lemma dyadic_prefix_0: "0 \<le> u \<Longrightarrow> u < 1 \<Longrightarrow> dyadic_prefix 0 u = 0"
  unfolding dyadic_prefix_def by simp

lemma dyadic_prefix_div:
  assumes "0 \<le> u" and "i \<le> K"
  shows "dyadic_prefix K u div 2 ^ (K - i) = dyadic_prefix i u"
proof -
  have "(2::real) ^ K = 2 ^ i * 2 ^ (K - i)"
    using assms(2) by (simp flip: power_add)
  then have "\<lfloor>u * 2 ^ i\<rfloor> = \<lfloor>u * 2 ^ K / real_of_int (2 ^ (K - i))\<rfloor>"
    by simp
  also have "\<dots> = \<lfloor>u * 2 ^ K\<rfloor> div 2 ^ (K - i)"
    by (rule floor_divide_real_eq_div) simp
  finally show ?thesis
    using assms(1) by (simp add: dyadic_prefix_def nat_div_distrib nat_power_eq)
qed

lemma dyadic_prefix_Suc:
  assumes "0 \<le> u"
  shows "dyadic_prefix (Suc i) u =
    2 * dyadic_prefix i u + (if (2 * real (dyadic_prefix i u) + 1) / 2 ^ Suc i \<le> u then 1 else 0)"
proof -
  have "dyadic_prefix i u = dyadic_prefix (Suc i) u div 2"
    using dyadic_prefix_div[OF assms, of i "Suc i"] by simp
  moreover have "2 * dyadic_prefix i u + 1 \<le> dyadic_prefix (Suc i) u \<longleftrightarrow>
      (2 * real (dyadic_prefix i u) + 1) / 2 ^ Suc i \<le> u"
    using assms by (simp add: dyadic_prefix_def le_nat_floor_iff divide_le_eq algebra_simps)
  ultimately show ?thesis
    by auto
qed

Task to carry out: Please tally the lines of the listing that include the string "thesis". Give the total alone.

Answer to the exercise: 2